* [Exercise brief]: In the records below, some lines contain the word "that". Copy each of them.

%%

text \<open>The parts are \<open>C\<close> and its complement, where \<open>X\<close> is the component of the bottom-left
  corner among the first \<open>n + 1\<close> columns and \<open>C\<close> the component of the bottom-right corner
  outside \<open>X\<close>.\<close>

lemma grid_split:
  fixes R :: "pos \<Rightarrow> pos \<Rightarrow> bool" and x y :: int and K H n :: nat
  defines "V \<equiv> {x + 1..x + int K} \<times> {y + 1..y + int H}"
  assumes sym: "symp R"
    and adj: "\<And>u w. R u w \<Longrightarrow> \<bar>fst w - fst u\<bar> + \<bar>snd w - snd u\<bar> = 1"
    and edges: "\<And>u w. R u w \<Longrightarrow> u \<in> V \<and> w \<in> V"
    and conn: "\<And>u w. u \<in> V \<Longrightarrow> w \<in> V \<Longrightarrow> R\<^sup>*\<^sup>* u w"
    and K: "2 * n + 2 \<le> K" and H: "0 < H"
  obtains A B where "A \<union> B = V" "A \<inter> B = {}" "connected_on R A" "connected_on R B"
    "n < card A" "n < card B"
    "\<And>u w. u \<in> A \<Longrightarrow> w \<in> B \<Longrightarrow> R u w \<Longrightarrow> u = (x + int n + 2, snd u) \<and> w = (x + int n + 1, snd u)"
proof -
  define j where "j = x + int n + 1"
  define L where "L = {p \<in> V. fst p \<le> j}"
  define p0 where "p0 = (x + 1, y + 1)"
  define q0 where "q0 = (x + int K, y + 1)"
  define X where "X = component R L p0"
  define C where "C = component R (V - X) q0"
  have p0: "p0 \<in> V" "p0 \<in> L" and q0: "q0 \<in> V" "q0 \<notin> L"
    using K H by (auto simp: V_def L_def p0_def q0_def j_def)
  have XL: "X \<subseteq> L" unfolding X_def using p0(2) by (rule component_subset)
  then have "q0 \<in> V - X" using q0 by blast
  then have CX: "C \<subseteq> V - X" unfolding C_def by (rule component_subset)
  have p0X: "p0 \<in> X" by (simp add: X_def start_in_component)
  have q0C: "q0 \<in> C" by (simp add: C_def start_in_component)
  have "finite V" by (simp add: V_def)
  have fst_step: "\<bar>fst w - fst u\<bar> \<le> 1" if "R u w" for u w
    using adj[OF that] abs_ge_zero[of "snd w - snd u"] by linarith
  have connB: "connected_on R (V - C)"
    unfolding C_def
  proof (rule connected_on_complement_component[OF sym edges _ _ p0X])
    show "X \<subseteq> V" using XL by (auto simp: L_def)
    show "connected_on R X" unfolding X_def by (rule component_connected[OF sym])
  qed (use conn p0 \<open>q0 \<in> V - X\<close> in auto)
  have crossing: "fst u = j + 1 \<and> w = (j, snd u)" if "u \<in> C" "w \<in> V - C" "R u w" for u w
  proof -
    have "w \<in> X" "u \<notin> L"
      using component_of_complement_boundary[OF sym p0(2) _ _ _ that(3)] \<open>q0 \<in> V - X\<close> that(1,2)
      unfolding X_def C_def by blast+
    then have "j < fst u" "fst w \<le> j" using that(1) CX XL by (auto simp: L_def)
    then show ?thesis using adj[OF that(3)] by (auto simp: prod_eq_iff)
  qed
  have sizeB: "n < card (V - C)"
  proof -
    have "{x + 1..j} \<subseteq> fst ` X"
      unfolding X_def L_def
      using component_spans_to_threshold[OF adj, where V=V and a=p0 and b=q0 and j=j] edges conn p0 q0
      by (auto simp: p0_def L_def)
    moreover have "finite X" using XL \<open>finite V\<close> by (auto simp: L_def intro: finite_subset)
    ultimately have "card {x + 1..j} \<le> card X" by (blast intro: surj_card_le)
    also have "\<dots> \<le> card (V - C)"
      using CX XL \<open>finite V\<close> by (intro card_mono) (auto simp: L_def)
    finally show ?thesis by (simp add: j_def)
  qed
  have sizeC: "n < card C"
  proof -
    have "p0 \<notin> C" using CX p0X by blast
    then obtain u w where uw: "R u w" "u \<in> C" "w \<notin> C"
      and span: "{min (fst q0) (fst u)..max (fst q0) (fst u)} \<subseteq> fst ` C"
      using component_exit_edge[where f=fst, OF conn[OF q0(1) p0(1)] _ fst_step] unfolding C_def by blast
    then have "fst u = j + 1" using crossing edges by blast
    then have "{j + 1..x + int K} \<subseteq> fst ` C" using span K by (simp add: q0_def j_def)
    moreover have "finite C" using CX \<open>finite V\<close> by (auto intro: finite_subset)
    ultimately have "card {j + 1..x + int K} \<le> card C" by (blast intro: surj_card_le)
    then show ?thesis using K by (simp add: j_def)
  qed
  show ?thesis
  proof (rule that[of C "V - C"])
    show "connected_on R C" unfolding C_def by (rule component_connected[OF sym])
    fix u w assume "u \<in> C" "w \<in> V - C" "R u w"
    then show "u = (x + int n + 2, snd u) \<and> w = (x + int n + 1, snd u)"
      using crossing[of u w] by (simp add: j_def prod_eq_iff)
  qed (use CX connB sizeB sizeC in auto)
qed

%%
%%

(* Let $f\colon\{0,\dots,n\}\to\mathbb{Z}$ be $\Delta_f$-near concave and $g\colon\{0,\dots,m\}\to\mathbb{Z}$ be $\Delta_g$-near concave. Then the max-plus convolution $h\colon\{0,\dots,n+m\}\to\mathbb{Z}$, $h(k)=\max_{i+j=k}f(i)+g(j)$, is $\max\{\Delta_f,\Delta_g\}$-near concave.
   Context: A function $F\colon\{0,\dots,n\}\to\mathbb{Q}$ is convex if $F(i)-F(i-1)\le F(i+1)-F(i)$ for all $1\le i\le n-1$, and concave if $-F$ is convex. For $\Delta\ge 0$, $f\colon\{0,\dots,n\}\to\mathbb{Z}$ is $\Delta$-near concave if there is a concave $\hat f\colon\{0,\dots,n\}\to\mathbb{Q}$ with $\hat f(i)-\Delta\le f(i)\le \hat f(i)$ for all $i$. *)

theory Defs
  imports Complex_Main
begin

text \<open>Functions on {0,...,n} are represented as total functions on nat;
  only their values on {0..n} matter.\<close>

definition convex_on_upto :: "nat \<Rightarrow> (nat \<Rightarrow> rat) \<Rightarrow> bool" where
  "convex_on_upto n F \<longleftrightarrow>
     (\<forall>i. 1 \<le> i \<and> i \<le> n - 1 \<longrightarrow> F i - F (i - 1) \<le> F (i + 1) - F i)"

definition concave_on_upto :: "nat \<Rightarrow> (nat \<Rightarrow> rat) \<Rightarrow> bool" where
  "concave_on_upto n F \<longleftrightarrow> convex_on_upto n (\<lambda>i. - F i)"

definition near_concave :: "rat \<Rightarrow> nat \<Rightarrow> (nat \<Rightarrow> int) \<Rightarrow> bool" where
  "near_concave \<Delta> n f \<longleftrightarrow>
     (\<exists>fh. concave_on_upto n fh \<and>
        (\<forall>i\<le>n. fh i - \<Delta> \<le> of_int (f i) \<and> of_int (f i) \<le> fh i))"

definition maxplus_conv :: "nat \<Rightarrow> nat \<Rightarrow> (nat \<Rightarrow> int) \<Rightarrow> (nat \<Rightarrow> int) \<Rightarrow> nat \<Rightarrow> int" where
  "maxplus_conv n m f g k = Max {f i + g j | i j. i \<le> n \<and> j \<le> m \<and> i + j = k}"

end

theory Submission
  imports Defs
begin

%%
%%

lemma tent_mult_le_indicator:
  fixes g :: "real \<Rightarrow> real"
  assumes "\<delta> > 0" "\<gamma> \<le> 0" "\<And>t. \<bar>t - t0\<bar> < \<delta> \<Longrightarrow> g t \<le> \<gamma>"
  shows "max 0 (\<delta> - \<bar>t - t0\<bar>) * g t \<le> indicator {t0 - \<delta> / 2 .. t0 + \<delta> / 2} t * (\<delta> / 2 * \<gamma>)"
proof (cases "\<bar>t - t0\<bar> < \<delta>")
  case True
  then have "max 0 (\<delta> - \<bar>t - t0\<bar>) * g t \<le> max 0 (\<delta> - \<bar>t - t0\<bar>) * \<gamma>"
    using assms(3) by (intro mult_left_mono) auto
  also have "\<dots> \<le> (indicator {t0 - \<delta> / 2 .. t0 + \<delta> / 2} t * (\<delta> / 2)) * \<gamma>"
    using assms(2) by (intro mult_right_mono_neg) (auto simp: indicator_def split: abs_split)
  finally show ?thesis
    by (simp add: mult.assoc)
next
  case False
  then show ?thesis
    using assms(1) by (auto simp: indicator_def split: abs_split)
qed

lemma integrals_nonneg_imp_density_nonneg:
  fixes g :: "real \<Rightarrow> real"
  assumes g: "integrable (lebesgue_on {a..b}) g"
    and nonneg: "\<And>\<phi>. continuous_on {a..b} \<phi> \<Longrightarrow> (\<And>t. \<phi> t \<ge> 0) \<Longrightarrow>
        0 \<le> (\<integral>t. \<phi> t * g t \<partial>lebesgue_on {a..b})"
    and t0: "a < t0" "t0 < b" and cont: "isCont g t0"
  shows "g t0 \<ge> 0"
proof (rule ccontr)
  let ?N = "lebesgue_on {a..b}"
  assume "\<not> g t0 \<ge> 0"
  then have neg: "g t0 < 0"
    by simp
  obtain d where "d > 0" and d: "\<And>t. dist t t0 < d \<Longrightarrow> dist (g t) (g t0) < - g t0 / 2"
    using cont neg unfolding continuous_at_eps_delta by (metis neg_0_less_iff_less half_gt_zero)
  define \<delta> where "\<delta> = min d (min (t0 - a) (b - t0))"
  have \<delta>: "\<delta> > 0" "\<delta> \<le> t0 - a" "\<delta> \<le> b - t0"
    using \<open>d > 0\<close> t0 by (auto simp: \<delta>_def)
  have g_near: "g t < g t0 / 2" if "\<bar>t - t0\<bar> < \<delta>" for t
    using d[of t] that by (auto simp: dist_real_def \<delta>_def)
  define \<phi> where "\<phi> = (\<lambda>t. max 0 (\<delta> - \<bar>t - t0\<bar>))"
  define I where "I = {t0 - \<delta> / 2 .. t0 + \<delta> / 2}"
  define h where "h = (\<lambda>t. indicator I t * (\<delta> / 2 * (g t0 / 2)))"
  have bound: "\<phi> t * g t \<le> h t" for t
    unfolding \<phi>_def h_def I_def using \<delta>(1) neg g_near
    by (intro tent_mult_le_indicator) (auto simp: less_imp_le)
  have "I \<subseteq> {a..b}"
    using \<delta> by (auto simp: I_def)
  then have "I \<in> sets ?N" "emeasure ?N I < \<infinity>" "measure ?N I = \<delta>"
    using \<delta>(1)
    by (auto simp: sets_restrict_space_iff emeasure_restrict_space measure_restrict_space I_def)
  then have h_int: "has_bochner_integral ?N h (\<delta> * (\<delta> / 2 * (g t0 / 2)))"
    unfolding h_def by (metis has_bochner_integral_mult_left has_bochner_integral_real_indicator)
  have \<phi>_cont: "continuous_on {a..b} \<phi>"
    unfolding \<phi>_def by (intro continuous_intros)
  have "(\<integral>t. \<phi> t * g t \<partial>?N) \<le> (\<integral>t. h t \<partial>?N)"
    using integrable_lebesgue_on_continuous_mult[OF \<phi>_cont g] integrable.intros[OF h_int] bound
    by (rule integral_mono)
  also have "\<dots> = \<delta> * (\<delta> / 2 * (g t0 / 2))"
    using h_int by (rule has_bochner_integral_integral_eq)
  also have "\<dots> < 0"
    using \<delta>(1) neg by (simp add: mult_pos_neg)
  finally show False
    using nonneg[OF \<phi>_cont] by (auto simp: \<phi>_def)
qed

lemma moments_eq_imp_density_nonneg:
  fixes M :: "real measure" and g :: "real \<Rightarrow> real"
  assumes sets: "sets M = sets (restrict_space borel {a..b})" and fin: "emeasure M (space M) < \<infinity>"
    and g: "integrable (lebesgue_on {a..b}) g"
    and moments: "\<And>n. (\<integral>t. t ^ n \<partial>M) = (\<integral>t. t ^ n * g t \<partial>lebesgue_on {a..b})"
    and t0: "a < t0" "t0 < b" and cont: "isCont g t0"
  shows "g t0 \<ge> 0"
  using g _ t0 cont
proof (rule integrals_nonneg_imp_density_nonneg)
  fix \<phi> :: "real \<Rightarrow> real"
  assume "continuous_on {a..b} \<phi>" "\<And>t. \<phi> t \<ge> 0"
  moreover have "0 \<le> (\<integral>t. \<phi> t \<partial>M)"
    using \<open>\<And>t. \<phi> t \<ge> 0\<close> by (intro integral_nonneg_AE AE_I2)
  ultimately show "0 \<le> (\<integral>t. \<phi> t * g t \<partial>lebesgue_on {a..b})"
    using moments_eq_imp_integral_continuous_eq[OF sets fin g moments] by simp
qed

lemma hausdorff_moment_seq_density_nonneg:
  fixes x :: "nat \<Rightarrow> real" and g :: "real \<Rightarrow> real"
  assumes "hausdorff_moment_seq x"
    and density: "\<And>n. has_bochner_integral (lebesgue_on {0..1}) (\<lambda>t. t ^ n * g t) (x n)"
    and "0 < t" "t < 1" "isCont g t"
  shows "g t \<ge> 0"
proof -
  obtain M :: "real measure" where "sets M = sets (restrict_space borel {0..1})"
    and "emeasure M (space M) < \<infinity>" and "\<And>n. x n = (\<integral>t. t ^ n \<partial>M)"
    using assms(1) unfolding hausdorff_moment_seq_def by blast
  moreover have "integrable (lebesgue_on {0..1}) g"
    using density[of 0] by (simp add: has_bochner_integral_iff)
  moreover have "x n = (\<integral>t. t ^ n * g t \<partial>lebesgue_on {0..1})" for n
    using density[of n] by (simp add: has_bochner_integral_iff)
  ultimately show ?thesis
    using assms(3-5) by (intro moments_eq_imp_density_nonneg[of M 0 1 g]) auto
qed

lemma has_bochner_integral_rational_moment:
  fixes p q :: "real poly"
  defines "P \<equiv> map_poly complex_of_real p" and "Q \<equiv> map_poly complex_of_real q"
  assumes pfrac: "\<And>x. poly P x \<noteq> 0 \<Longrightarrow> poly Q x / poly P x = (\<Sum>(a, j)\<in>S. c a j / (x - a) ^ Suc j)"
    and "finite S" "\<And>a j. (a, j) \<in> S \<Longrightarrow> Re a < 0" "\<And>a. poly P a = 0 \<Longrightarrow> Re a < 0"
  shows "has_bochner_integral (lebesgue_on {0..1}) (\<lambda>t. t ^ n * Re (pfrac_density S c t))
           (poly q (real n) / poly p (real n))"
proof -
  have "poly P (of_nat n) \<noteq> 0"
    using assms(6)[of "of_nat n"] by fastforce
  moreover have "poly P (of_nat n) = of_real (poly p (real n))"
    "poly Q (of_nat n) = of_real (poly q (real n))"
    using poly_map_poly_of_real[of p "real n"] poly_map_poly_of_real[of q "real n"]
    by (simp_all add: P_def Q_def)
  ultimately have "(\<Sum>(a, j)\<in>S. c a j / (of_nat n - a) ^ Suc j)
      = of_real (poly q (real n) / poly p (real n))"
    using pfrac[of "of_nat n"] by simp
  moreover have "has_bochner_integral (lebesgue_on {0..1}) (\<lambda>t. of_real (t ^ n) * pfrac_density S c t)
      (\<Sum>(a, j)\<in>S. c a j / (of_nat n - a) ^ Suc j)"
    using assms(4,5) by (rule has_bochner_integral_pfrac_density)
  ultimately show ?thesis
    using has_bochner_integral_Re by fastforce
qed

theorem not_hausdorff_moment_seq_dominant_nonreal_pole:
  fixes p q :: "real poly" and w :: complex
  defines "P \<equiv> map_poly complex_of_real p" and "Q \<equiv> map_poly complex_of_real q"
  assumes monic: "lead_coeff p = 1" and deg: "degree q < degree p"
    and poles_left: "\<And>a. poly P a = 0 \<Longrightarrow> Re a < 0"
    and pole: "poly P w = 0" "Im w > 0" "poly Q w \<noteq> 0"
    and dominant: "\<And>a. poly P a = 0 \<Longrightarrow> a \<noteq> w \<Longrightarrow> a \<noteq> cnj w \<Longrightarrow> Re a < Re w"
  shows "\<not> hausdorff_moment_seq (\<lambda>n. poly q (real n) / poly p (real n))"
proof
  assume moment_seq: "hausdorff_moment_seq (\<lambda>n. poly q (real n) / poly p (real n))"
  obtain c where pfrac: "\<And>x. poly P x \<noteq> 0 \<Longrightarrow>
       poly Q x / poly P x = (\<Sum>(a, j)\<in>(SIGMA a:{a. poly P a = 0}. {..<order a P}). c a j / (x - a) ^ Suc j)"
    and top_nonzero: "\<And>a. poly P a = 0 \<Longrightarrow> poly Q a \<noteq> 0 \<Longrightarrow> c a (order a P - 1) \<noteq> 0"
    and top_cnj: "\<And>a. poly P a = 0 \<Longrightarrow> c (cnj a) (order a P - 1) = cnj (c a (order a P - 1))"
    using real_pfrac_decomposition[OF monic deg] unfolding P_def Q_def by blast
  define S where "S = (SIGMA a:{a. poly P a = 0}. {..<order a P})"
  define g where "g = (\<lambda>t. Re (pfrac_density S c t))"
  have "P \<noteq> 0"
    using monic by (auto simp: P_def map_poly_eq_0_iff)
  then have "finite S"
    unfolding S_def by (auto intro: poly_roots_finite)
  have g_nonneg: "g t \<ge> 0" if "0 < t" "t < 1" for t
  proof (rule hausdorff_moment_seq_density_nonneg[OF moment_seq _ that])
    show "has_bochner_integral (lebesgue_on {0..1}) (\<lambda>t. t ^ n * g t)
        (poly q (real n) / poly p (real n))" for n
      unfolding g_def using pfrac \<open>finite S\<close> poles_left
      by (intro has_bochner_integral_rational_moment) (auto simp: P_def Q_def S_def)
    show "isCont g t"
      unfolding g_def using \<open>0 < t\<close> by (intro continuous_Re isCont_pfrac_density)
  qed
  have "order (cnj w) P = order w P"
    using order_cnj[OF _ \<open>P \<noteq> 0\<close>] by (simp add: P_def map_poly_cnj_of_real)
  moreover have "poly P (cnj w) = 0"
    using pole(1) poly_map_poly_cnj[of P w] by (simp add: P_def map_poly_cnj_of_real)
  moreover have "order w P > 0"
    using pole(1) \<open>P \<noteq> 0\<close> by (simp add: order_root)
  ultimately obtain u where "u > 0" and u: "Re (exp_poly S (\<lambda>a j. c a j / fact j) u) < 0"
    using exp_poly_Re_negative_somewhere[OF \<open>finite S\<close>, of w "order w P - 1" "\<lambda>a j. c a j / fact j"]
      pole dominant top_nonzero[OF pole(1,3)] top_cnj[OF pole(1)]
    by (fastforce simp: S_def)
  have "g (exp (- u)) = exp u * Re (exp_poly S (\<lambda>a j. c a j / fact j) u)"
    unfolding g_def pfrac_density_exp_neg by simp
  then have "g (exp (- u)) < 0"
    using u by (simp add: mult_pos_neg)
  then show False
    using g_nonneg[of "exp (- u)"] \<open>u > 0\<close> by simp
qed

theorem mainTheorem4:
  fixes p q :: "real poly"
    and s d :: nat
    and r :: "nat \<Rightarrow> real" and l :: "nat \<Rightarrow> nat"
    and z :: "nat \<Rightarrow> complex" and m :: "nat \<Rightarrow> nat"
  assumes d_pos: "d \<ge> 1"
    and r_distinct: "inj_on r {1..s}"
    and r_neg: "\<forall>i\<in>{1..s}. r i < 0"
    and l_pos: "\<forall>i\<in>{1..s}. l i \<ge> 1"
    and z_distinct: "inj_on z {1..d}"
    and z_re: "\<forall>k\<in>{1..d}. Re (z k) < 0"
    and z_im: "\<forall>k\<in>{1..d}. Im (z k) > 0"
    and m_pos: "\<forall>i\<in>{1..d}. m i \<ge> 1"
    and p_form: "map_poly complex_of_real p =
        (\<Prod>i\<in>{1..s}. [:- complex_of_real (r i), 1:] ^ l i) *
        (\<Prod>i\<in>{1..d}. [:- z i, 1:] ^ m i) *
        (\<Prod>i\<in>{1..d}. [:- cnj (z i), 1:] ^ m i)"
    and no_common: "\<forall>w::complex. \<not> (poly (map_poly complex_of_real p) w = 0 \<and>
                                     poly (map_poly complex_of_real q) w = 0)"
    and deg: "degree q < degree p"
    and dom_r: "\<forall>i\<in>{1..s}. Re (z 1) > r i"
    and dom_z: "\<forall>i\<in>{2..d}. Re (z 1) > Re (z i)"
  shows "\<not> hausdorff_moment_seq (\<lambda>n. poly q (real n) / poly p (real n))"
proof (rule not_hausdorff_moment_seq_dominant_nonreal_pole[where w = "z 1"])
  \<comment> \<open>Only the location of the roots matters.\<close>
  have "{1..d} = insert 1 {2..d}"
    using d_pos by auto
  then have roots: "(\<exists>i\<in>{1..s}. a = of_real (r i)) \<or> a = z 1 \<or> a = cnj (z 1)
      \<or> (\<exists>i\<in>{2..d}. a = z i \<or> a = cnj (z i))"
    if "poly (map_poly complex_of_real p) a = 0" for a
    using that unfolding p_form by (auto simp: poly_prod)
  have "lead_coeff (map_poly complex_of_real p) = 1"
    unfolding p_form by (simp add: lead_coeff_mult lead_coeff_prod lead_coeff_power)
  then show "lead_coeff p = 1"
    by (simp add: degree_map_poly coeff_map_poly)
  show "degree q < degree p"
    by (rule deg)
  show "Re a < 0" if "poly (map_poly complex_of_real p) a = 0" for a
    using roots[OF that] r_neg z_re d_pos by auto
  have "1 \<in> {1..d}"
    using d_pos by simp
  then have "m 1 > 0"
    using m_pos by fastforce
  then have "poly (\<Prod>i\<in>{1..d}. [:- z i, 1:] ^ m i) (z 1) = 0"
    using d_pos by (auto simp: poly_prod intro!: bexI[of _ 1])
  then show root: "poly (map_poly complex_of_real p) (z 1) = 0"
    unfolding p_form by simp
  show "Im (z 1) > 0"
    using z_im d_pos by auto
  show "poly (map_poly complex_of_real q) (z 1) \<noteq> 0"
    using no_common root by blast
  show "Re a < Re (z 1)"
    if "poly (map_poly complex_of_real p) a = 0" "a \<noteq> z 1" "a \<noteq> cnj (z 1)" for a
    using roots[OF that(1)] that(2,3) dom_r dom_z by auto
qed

%%

* [Response to the task]:
    using adj[OF that] abs_ge_zero[of "snd w - snd u"] by linarith
      using component_of_complement_boundary[OF sym p0(2) _ _ _ that(3)] \<open>q0 \<in> V - X\<close> that(1,2)
    then have "j < fst u" "fst w \<le> j" using that(1) CX XL by (auto simp: L_def)
    then show ?thesis using adj[OF that(3)] by (auto simp: prod_eq_iff)
  proof (rule that[of C "V - C"])
    using d[of t] that by (auto simp: dist_real_def \<delta>_def)
  proof (rule hausdorff_moment_seq_density_nonneg[OF moment_seq _ that])
    using that unfolding p_form by (auto simp: poly_prod)
    using roots[OF that] r_neg z_re d_pos by auto
    using roots[OF that(1)] that(2,3) dom_r dom_z by auto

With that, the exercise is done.